Without drawing too much attention to himself, an enterprising young man has created the largest Bitcoin mining operation in Quebec. The entrepreneur is Jonathan Bertrand, owner of a company called Technologies D-Central based just outside Montreal. If his present success weren’t enough, he is busy planning an expansion.
Passers-by are none the wiser as the hangar is inconspicuous at best when viewed from the outside. Inside, the fifty computers (and their cooling fans) that are continually running, generating an enormous amount of noise as a by-product of the Bitcoin mining.
Quebec is a popular choice of location for such an operation, as it has a relatively low cost of electricity. The low input costs increases profit margins, as Bitcoin mining requires substantial amounts of power. These computers exist for the sole purpose of mining the cryptocurrency by continuously solving complex calculations, and consequently, they do not have keyboards or screens.
The value of bitcoin itself is determined by the number of coins in circulation and the number of people using or buying it. As it is a peer-to-peer digital currency, it cannot be regulated by any bank or government, thus making it decentralized. Over the course of 2017, the value of bitcoin has increased exponentially, growing by ten times in under 12 months. The bitcoin price at the time of writing is approximately $8100.
Bitcoin mining computers can access and maintain public ledgers and databases with the knowledge of the amount of bitcoin currently available worldwide, as well as the value thereof.
Bertrand explains the Bitcoin mining in the following way, “The Bitcoin network, every heartbeat, is a microchip that makes a constant calculation, every second.” According to Bertrand, Bitcoin mining is the small percentage of each transaction that is received by the computer that solves the calculation. Although these amounts are minuscule, with the right processing power and enough computers, they quickly add up.

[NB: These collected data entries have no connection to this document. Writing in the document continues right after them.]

(* Under the assumptions of the setting below, let $\alpha\in\mathbb{C}$ with $|\alpha|\le 1$, $\alpha\notin\{0,1\}$, be a root of $G_X(s)G_{c\theta}(1/s)=1$, and let $$P(s)=\sum_{i=0}^{m-1}\pi_i\sum_{j=0}^{m-i-1}s^{j+i}F(-m+j).$$ Then $P(\alpha)=0$. Moreover, if $r\in\{1,\dots,m-1\}$ is the multiplicity of the root $\alpha$, then $P^{(n)}(\alpha)=0$ for all $n\in\{0,1,\dots,r-1\}$.
   Context: $X$ and $c\theta$ ($c>0$) are independent, non-negative, integer-valued random variables with $\mathbb{P}(c\theta\le m)=1$ for some $m\in\mathbb{N}$, and the net profit condition $c\,\mathbb{E}\theta-\mathbb{E}X>0$ holds. $X_1,X_2,\dots$ and $\theta_1,\theta_2,\dots$ are i.i.d. copies of $X$ and $\theta$, all mutually independent. $\mathcal M=\big(\sup_{n\ge1}\sum_{i=1}^n(X_i-c\theta_i)\big)^+$, $\pi_i=\mathbb{P}(\mathcal M=i)$. For a non-negative integer-valued $Z$, $G_Z(s)=\sum_k\mathbb{P}(Z=k)s^k$. For $j\in\mathbb{Z}$, $F(j)=\mathbb{P}(X-c\theta\le j)$. *)

theory Defs
  imports "HOL-Probability.Probability"
begin

definition pgf :: "'a measure \<Rightarrow> ('a \<Rightarrow> real) \<Rightarrow> complex \<Rightarrow> complex" where
  "pgf M Z s = (\<Sum>k. complex_of_real (measure M {\<omega> \<in> space M. Z \<omega> = real k}) * s ^ k)"

text \<open>The random variable (sup_{n>=1} sum_{i=1}^n (X_i - c theta_i))^+, as an extended real;
  copies are indexed from 0, so the n-th partial sum is the sum over i < n.\<close>
definition walk_sup :: "(nat \<Rightarrow> 'a \<Rightarrow> nat) \<Rightarrow> real \<Rightarrow> (nat \<Rightarrow> 'a \<Rightarrow> real) \<Rightarrow> 'a \<Rightarrow> ereal" where
  "walk_sup X c \<theta> \<omega> =
     max 0 (SUP n\<in>{1..}. ereal (\<Sum>i<n. real (X i \<omega>) - c * \<theta> i \<omega>))"

definition higher_derivs_within ::
  "(complex \<Rightarrow> complex) \<Rightarrow> complex set \<Rightarrow> nat \<Rightarrow> (nat \<Rightarrow> complex \<Rightarrow> complex) \<Rightarrow> bool" where
  "higher_derivs_within f S n ds \<longleftrightarrow>
     (\<forall>z\<in>S. ds 0 z = f z) \<and>
     (\<forall>k<n. \<forall>z\<in>S. (ds k has_field_derivative ds (Suc k) z) (at z within S))"

definition root_multiplicity_disc :: "(complex \<Rightarrow> complex) \<Rightarrow> complex \<Rightarrow> nat \<Rightarrow> bool" where
  "root_multiplicity_disc f \<alpha> r \<longleftrightarrow>
     (\<exists>\<epsilon>>0. \<exists>ds. higher_derivs_within f (cball 0 1 \<inter> ball \<alpha> \<epsilon>) r ds \<and>
        (\<forall>k<r. ds k \<alpha> = 0) \<and> ds r \<alpha> \<noteq> 0)"

definition Ppoly :: "nat \<Rightarrow> (nat \<Rightarrow> real) \<Rightarrow> (int \<Rightarrow> real) \<Rightarrow> complex \<Rightarrow> complex" where
  "Ppoly m \<pi> F s = (\<Sum>i<m. complex_of_real (\<pi> i) *
      (\<Sum>j<m - i. s ^ (j + i) * complex_of_real (F (- int m + int j))))"

end

theory Submission
  imports Defs "HOL-Complex_Analysis.Complex_Analysis"
begin

text \<open>
  Let \<open>M'\<close> be the supremum of the walk started at its second step. It is independent of
  \<open>(X\<^sub>0, \<theta>\<^sub>0)\<close>, has the law of \<open>M\<close>, and \<open>M = max 0 (X\<^sub>0 - c\<theta>\<^sub>0 + M')\<close>.
  Since \<open>c\<theta> \<le> m\<close>, the positive part only matters when \<open>M' < m\<close>, so computing
  \<open>E s\<^bsup>m+M\<^esup>\<close> for \<open>0 < |s| \<le> 1\<close> yields
  \<open>(s - 1) P(s) = - s\<^sup>m E[s\<^sup>M] (G\<^sub>X(s) G\<^bsub>c\<theta>\<^esub>(1/s) - 1)\<close> with \<open>|E[s\<^sup>M]| \<le> 1\<close>.
  Near a root \<open>\<alpha> \<noteq> 1\<close> of \<open>G\<^sub>X(s) G\<^bsub>c\<theta>\<^esub>(1/s) = 1\<close>, \<open>P\<close> is therefore bounded on the closed
  disc by a multiple of \<open>G\<^sub>X(s) G\<^bsub>c\<theta>\<^esub>(1/s) - 1\<close>, hence by \<open>K |z - \<alpha>|\<^sup>r\<close>; an entire
  function with such a bound along a set accumulating at \<open>\<alpha>\<close> vanishes there to order \<open>r\<close>.
\<close>

section \<open>Orders of zeros\<close>

lemma norm_le_power_Suc_if_deriv_norm_le_power:
  fixes g g' :: "complex \<Rightarrow> complex"
  assumes "convex S" and "\<alpha> \<in> S" and "z \<in> S" and "g \<alpha> = 0" and "K \<ge> 0"
    and deriv: "\<And>w. w \<in> S \<Longrightarrow> (g has_field_derivative g' w) (at w within S)"
    and bound: "\<And>w. w \<in> S \<Longrightarrow> norm (g' w) \<le> K * norm (w - \<alpha>) ^ j"
  shows "norm (g z) \<le> K * norm (z - \<alpha>) ^ Suc j"
proof -
  have seg: "closed_segment \<alpha> z \<subseteq> S"
    using assms(1-3) by (simp add: closed_segment_subset)
  have "norm (g z - g \<alpha>) \<le> (K * norm (z - \<alpha>) ^ j) * norm (z - \<alpha>)"
  proof (rule field_differentiable_bound[where S = "closed_segment \<alpha> z" and f' = g'])
    fix w assume w: "w \<in> closed_segment \<alpha> z"
    show "(g has_field_derivative g' w) (at w within closed_segment \<alpha> z)"
      using deriv seg w by (blast intro: has_field_derivative_subset)
    have "norm (g' w) \<le> K * norm (w - \<alpha>) ^ j"
      using bound seg w by blast
    also have "\<dots> \<le> K * norm (z - \<alpha>) ^ j"
      using \<open>K \<ge> 0\<close> by (intro mult_left_mono power_mono segment_bound1[OF w]) auto
    finally show "norm (g' w) \<le> K * norm (z - \<alpha>) ^ j" .
  qed auto
  then show ?thesis
    using \<open>g \<alpha> = 0\<close> by (simp add: algebra_simps)
qed

lemma norm_le_power_if_top_deriv_norm_le:
  fixes ds :: "nat \<Rightarrow> complex \<Rightarrow> complex"
  assumes "convex S" and "\<alpha> \<in> S" and "K \<ge> 0" and "k < r" and "z \<in> S"
    and deriv: "\<And>k w. k < r \<Longrightarrow> w \<in> S \<Longrightarrow> (ds k has_field_derivative ds (Suc k) w) (at w within S)"
    and zero: "\<forall>k<r. ds k \<alpha> = 0"
    and top: "\<And>z. z \<in> S \<Longrightarrow> norm (ds (r - 1) z) \<le> K * norm (z - \<alpha>)"
  shows "norm (ds k z) \<le> K * norm (z - \<alpha>) ^ (r - k)"
proof -
  have "r > 0"
    using \<open>k < r\<close> by simp
  have "\<forall>z\<in>S. norm (ds k z) \<le> K * norm (z - \<alpha>) ^ (r - k)" if "k \<le> r - 1" for k
    using that
  proof (induction k rule: inc_induct)
    case base
    show ?case
      using top \<open>r > 0\<close> by simp
  next
    case (step k)
    show ?case
    proof
      fix z assume "z \<in> S"
      have "norm (ds k z) \<le> K * norm (z - \<alpha>) ^ Suc (r - Suc k)"
        using step zero deriv
        by (intro norm_le_power_Suc_if_deriv_norm_le_power[OF \<open>convex S\<close> \<open>\<alpha> \<in> S\<close> \<open>z \<in> S\<close> _ \<open>K \<ge> 0\<close>]) auto
      then show "norm (ds k z) \<le> K * norm (z - \<alpha>) ^ (r - k)"
        using step.hyps by (simp add: Suc_diff_Suc)
    qed
  qed
  then show ?thesis
    using \<open>k < r\<close> \<open>z \<in> S\<close> by simp
qed

lemma higher_derivs_within_zero_imp_norm_le_power:
  fixes f :: "complex \<Rightarrow> complex"
  assumes derivs: "higher_derivs_within f S r ds" and "convex S" and "\<alpha> \<in> S"
    and zero: "\<forall>k<r. ds k \<alpha> = 0" and "r > 0"
  obtains K where "eventually (\<lambda>z. norm (f z) \<le> K * norm (z - \<alpha>) ^ r) (at \<alpha> within S)"
proof -
  have ds0: "\<And>z. z \<in> S \<Longrightarrow> ds 0 z = f z"
    and ds_deriv: "\<And>k z. k < r \<Longrightarrow> z \<in> S \<Longrightarrow> (ds k has_field_derivative ds (Suc k) z) (at z within S)"
    using derivs unfolding higher_derivs_within_def by auto
  define K where "K = norm (ds r \<alpha>) + 1"
  have "((\<lambda>z. (ds (r - 1) z - ds (r - 1) \<alpha>) / (z - \<alpha>)) \<longlongrightarrow> ds r \<alpha>) (at \<alpha> within S)"
    using ds_deriv[of "r - 1" \<alpha>] \<open>r > 0\<close> \<open>\<alpha> \<in> S\<close> by (simp add: has_field_derivative_iff)
  then have "eventually (\<lambda>z. norm ((ds (r - 1) z - ds (r - 1) \<alpha>) / (z - \<alpha>)) < K) (at \<alpha> within S)"
    unfolding K_def by (intro order_tendstoD(2)[OF tendsto_norm]) auto
  then have "eventually (\<lambda>z. norm (ds (r - 1) z / (z - \<alpha>)) < K) (at \<alpha> within S)"
    using zero \<open>r > 0\<close> by simp
  then obtain \<delta> where "\<delta> > 0" and \<delta>: "\<And>z. z \<in> S \<Longrightarrow> z \<noteq> \<alpha> \<Longrightarrow> dist z \<alpha> < \<delta> \<Longrightarrow>
      norm (ds (r - 1) z / (z - \<alpha>)) < K"
    unfolding eventually_at by blast
  define S' where "S' = S \<inter> ball \<alpha> \<delta>"
  have bound: "norm (f z) \<le> K * norm (z - \<alpha>) ^ r" if "z \<in> S'" for z
  proof -
    have "norm (ds 0 z) \<le> K * norm (z - \<alpha>) ^ (r - 0)"
    proof (rule norm_le_power_if_top_deriv_norm_le[where S = S' and k = 0 and ds = ds])
      show "convex S'" "\<alpha> \<in> S'" "K \<ge> 0"
        using \<open>convex S\<close> \<open>\<alpha> \<in> S\<close> \<open>\<delta> > 0\<close> by (auto simp: S'_def K_def convex_Int)
      show "(ds k has_field_derivative ds (Suc k) w) (at w within S')" if "k < r" "w \<in> S'" for k w
        using has_field_derivative_subset[OF ds_deriv[of k w]] that by (auto simp: S'_def)
      show "norm (ds (r - 1) w) \<le> K * norm (w - \<alpha>)" if "w \<in> S'" for w
        using \<delta>[of w] zero \<open>r > 0\<close> that
        by (cases "w = \<alpha>") (auto simp: S'_def K_def dist_commute norm_divide divide_less_eq)
    qed (use \<open>r > 0\<close> that zero in auto)
    then show ?thesis
      using that ds0 by (simp add: S'_def)
  qed
  have "eventually (\<lambda>z. norm (f z) \<le> K * norm (z - \<alpha>) ^ r) (at \<alpha> within S)"
    using eventually_at_ball[OF \<open>\<delta> > 0\<close>, of \<alpha> S]
    by (rule eventually_mono) (use bound in \<open>simp add: S'_def\<close>)
  then show ?thesis
    by (rule that)
qed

All over the world, computers compete to be the first to solve the equations. Through this process, new bitcoins are created.

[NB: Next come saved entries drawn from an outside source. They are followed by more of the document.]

text \<open>Expanding \<open>w\<^sub>i\<close> in a basis \<open>E\<close> of \<open>W\<close> and reconstructing each \<open>e \<in> E\<close> from the
  dual pair shows \<open>\<Sum>\<^sub>i \<langle>e, v\<^sub>i\<rangle> c\<^sub>i\<^sub>e' = \<delta>\<^sub>e\<^sub>e'\<close>; summing over \<open>e = e'\<close> gives the trace.\<close>
lemma trace_gram: "(\<Sum>i<N. gram i i) = of_nat (vec.dim W)"
proof -
  obtain E where E: "E \<subseteq> W" "vec.independent E" "W \<subseteq> vec.span E" "card E = vec.dim W"
    using vec.basis_exists by blast
  have fin_E: "finite E"
    using E(2) vec.finiteI_independent by blast
  have "\<exists>c. w i = (\<Sum>e\<in>E. c e *s e)" if "i < N" for i
    using frame_mem[OF that] E(3) vec.span_finite[OF fin_E] by auto
  then obtain c where c: "\<And>i. i < N \<Longrightarrow> w i = (\<Sum>e\<in>E. c i e *s e)"
    by metis
  have delta: "(\<Sum>i<N. cinner e (v i) * c i e') = (if e' = e then 1 else 0)"
    if e: "e \<in> E" "e' \<in> E" for e e'
  proof (rule independent_sum_eq_member[OF E(2) fin_E e(1) _ e(2)])
    have "e = (\<Sum>i<N. cinner e (v i) *s w i)"
      using dual_reconstruction E(1) e by auto
    also have "\<dots> = (\<Sum>i<N. cinner e (v i) *s (\<Sum>e'\<in>E. c i e' *s e'))"
      by (rule sum.cong) (auto simp: c)
    also have "\<dots> = (\<Sum>e'\<in>E. (\<Sum>i<N. cinner e (v i) * c i e') *s e')"
      by (simp add: vec.scale_sum_right vector_smult_assoc sum_distrib_right vec.scale_sum_left)
         (rule sum.swap)
    finally show "(\<Sum>e'\<in>E. (\<Sum>i<N. cinner e (v i) * c i e') *s e') = e"
      by (rule sym)
  qed
  have "(\<Sum>i<N. gram i i) = (\<Sum>i<N. \<Sum>e\<in>E. c i e * cinner e (v i))"
    by (rule sum.cong) (auto simp: gram_def c cinner_sum_left[OF fin_E] cinner_scale_left)
  also have "\<dots> = (\<Sum>e\<in>E. \<Sum>i<N. cinner e (v i) * c i e)"
    by (subst sum.swap) (simp add: mult.commute)
  also have "\<dots> = of_nat (card E)"
    using delta by simp
  finally show ?thesis
    using E(4) by simp
qed
lemma unit_entry_column_shift:
  assumes "i \<noteq> l"
  shows "T (mat_unit i j) $ l $ j = T (mat_unit i j') $ l $ j'"
proof (cases "j = j'")
  case False
  have "(mat_unit i j + mat_unit i j' :: complex^'n^'n) ** (mat_unit j l - mat_unit j' l)
      = (mat_unit j l - mat_unit j' l) ** (mat_unit i j + mat_unit i j')"
    using False assms
    by (simp add: matrix_add_ldistrib matrix_add_rdistrib matrix_diff_ldistrib
        matrix_diff_rdistrib mat_unit_mult)
  then have "trace ((mat_unit j l - mat_unit j' l) ** T (mat_unit i j + mat_unit i j')) = 0"
    by (rule trace_commuting)
  then show ?thesis
    using False assms
    by (simp add: clinear_op_add[OF clinear] matrix_diff_rdistrib trace_sub matrix_add_ldistrib
        trace_add trace_mat_unit_mult unit_entry_zero)
qed simp

lemma unit_entry_cyclic:
  assumes "i \<noteq> j" "j \<noteq> k" "k \<noteq> i"
  shows "T (mat_unit i j) $ i $ j + T (mat_unit j k) $ j $ k + T (mat_unit k i) $ k $ i = 0"
proof -
  let ?z = "mat_unit i j + mat_unit j k + mat_unit k i :: complex^'n^'n"
    and ?w = "mat_unit j i + mat_unit k j + mat_unit i k"
  have "?z ** ?w = ?w ** ?z"
    using assms by (simp add: matrix_add_ldistrib matrix_add_rdistrib mat_unit_mult add_ac)
  then have "trace (?w ** T ?z) = 0"
    by (rule trace_commuting)
  then show ?thesis
    using assms
    by (simp add: clinear_op_add[OF clinear] matrix_add_rdistrib trace_add matrix_add_ldistrib
        trace_mat_unit_mult unit_entry_zero add_ac)
qed

lemma unit_entry_diagonal:
  "T (mat_unit i j) $ i $ j = T (mat_unit i r) $ i $ r - T (mat_unit j r) $ j $ r"
proof -
  consider "i = j" | "i \<noteq> j" "i = r" | "i \<noteq> j" "j = r" | "i \<noteq> j" "j \<noteq> r" "r \<noteq> i"
    by blast
  then show ?thesis
  proof cases
    case 1
    then show ?thesis by (simp add: unit_entry_transpose_zero)
  next
    case 2
    then show ?thesis
      using unit_entry_antisym[of r j r j] by (simp add: unit_entry_transpose_zero)
  next
    case 3
    then show ?thesis by (simp add: unit_entry_transpose_zero)
  next
    case 4
    then show ?thesis
      using unit_entry_cyclic[of i j r] unit_entry_antisym[of r i r i]
      by (simp add: algebra_simps eq_neg_iff_add_eq_0)
  qed
qed

definition inner_witness :: "'n \<Rightarrow> complex^'n^'n" where
  "inner_witness r = (\<chi> p i. if p = i then T (mat_unit i r) $ i $ r else T (mat_unit i i) $ p $ i)"

lemma unit_eq_commutator:
  "T (mat_unit i j) = inner_witness r ** mat_unit i j - mat_unit i j ** inner_witness r"
proof -
  have "T (mat_unit i j) $ p $ q
      = (if q = j then inner_witness r $ p $ i else 0) - (if p = i then inner_witness r $ j $ q else 0)"
    for p q
  proof -
    consider "p = i" "q = j" | "p \<noteq> i" "q = j" | "p = i" "q \<noteq> j" | "p \<noteq> i" "q \<noteq> j"
      by blast
    then show ?thesis
    proof cases
      case 1
      then show ?thesis
        using unit_entry_diagonal[of i j r] by (simp add: inner_witness_def unit_entry_transpose_zero)
    next
      case 2
      then show ?thesis
        using unit_entry_column_shift[of i p j i] by (simp add: inner_witness_def)
    next
      case 3
      then show ?thesis
        using unit_entry_antisym[of i j i q] unit_entry_column_shift[of q j i q]
        by (simp add: inner_witness_def)
    next
      case 4
      then show ?thesis by (simp add: unit_entry_zero)
    qed
  qed
  then show ?thesis
    by (simp add: vec_eq_iff mat_unit_mult_left_nth mat_unit_mult_right_nth)
qed

lemma is_derivation: "is_derivation T"
proof -
  fix r :: 'n
  have "T z = inner_witness r ** z - z ** inner_witness r" for z
    by (rule clinear_op_eq_commutator[OF clinear unit_eq_commutator])
  then show ?thesis
    unfolding is_derivation_def
    by (simp add: clinear matrix_diff_ldistrib matrix_diff_rdistrib matrix_mul_assoc)
qed

end

theorem proposition2p11:
  fixes \<Delta> :: "complex^'n^'n \<Rightarrow> complex^'n^'n"
  assumes "weak_2_local_derivation \<Delta>"
    and "\<forall>a. cmat_adj (\<Delta> (cmat_adj a)) = \<Delta> a"
  shows "clinear_op \<Delta> \<and> is_derivation \<Delta>"
proof -
  have clinear: "clinear_op \<Delta>"
    by (rule weak_2_local_derivation_clinear[OF assms(1)])
  interpret trace_commutant_zero \<Delta>
  proof
    show "clinear_op \<Delta>" by (rule clinear)
  next
    fix z w :: "complex^'n^'n"
    assume "z ** w = w ** z"
    then have "trace (w ** \<Delta> z) = trace (w ** \<Delta> 0)"
      by (intro weak_2_local_derivation_trace_eq[OF assms(1)]) simp
    then show "trace (w ** \<Delta> z) = 0"
      by (simp add: weak_2_local_derivation_zero[OF assms(1)] trace_def)
  qed
  show ?thesis
    using clinear is_derivation by blast
qed

end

In addition to low electricity costs, the cold winters of the Canadian province increase the efficiency of the computer systems. Less cooling fans require less electricity, making it a prime location for mining cryptocurrency. One machine alone running night and day brings in a monthly electricity bill of $90, but this cost is reduced during the winter months.

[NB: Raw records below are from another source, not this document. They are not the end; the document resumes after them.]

definition Ev :: "('e, 'v, 'x, 'm) run set \<Rightarrow> ('e, 'v, 'x, 'm) indexical \<Rightarrow> ('e, 'v, 'x, 'm) formula \<Rightarrow> ('e, 'v, 'x, 'm) formula" where
  "Ev R S \<phi> r m \<longleftrightarrow> (\<forall>i\<in>S r m. Kn R i \<phi> r m)"

definition Ck :: "('e, 'v, 'x, 'm) run set \<Rightarrow> ('e, 'v, 'x, 'm) indexical \<Rightarrow> ('e, 'v, 'x, 'm) formula \<Rightarrow> ('e, 'v, 'x, 'm) formula" where
  "Ck R S \<phi> r m \<longleftrightarrow> (\<forall>k\<ge>1. ((Ev R S) ^^ k) \<phi> r m)"

definition valid_in :: "('e, 'v, 'x, 'm) run set \<Rightarrow> ('e, 'v, 'x, 'm) formula \<Rightarrow> bool" where
  "valid_in R \<phi> \<longleftrightarrow> (\<forall>r\<in>R. \<forall>m. \<phi> r m)"

definition SBA_valid :: "nat \<Rightarrow> ('v, 'x) protocol \<Rightarrow> ('e, 'v, 'x, 'm) run set \<Rightarrow> ('e, 'v, 'x, 'm) indexical \<Rightarrow> bool" where
  "SBA_valid n P R S \<longleftrightarrow> (\<forall>r\<in>R.
     (\<forall>i\<in>agents n. \<forall>m m' v v'. decides P i v r m \<longrightarrow> decides P i v' r m' \<longrightarrow> m = m') \<and>
     (\<forall>m. \<forall>i\<in>S r m. \<forall>v. decides P i v r m \<longrightarrow>
          (\<forall>j\<in>S r m. decides P j v r m) \<and> exists_val n v r m))"

end

(* Suppose agent j decides v at time m of a run r.  Heal the adversary of r: keep the
   crashes that occur in rounds 1..m and let every other agent behave correctly forever.
   This is again a Crash_t adversary, and the run it induces from the initial state of r
   coincides with r up to time m.  In it, j (which is not crashed at m, since crashed
   agents cannot decide) and every agent of A(r,m) are nonfaulty, so SBA(N) makes them all
   decide v and v some initial preference; by the agreement at time m the same holds in r.
   Hence "some agent decides v" implies E_A of itself and of both target formulas, and the
   induction rule for common knowledge gives C_A. *)
theory Submission
  imports Defs
begin

lemma Ev_mono:
  assumes "Ev R S \<phi> r m" and "\<And>r m. r \<in> R \<Longrightarrow> \<phi> r m \<Longrightarrow> \<phi>' r m"
  shows "Ev R S \<phi>' r m"
  using assms unfolding Ev_def Kn_def by blast

lemma Ck_induct:
  assumes invariant: "\<And>r m. r \<in> R \<Longrightarrow> \<psi> r m \<Longrightarrow> Ev R S \<psi> r m"
    and implies: "\<And>r m. r \<in> R \<Longrightarrow> \<psi> r m \<Longrightarrow> \<phi> r m"
    and "r \<in> R" "\<psi> r m"
  shows "Ck R S \<phi> r m"
proof -
  have "(Ev R S ^^ k) \<phi> r m" if "r \<in> R" "\<psi> r m" for k r m
    using that
  proof (induction k arbitrary: r m)
    case 0
    then show ?case using implies by simp
  next
    case (Suc k)
    have "Ev R S \<psi> r m" using invariant Suc.prems .
    then have "Ev R S ((Ev R S ^^ k) \<phi>) r m" by (rule Ev_mono) (use Suc.IH in blast)
    then show ?case by simp
  qed
  with assms(3,4) show ?thesis unfolding Ck_def by blast
qed

primrec run_from :: "nat \<Rightarrow> ('v, 'x, 'm) info_exchange \<Rightarrow> ('v, 'x) protocol \<Rightarrow>
    ('e, 'v, 'x, 'm) failure_model \<Rightarrow> ('e, 'v, 'x, 'm) gstate \<Rightarrow> ('e, 'v, 'x, 'm) run" where
  "run_from n E P F g 0 = g"
| "run_from n E P F g (Suc k) = step n E P F k (run_from n E P F g k)"

lemma runs_Suc: "r \<in> runs n P E F \<Longrightarrow> r (Suc k) = step n E P F k (r k)"
  by (auto simp: runs_def)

Bertrand is not alone in his observations of the province’s suitability. Large Bitcoin mining companies from China and Iceland are considering setting up operations right on his doorstep. Not fazed by this, Bertrand has expansion plans of his own, looking to purchase additional processors for his warehouse. He also aims to open a second location in Montreal in the near future.
Although entrepreneurs around the world are greatly tempted by the prospect of commercial Bitcoin mining, it is not without risk. There are frequent warnings published by financial authorities that caution of market instability. The mining industry also has a strong association with money laundering, an act that can fetch significant penalties and jail time.
Bertrand, fully aware of the risks and the potential obstacles, assured that his business operates 100 percent legally. In his educated opinion, bitcoin will soon be competing with the traditional banking system.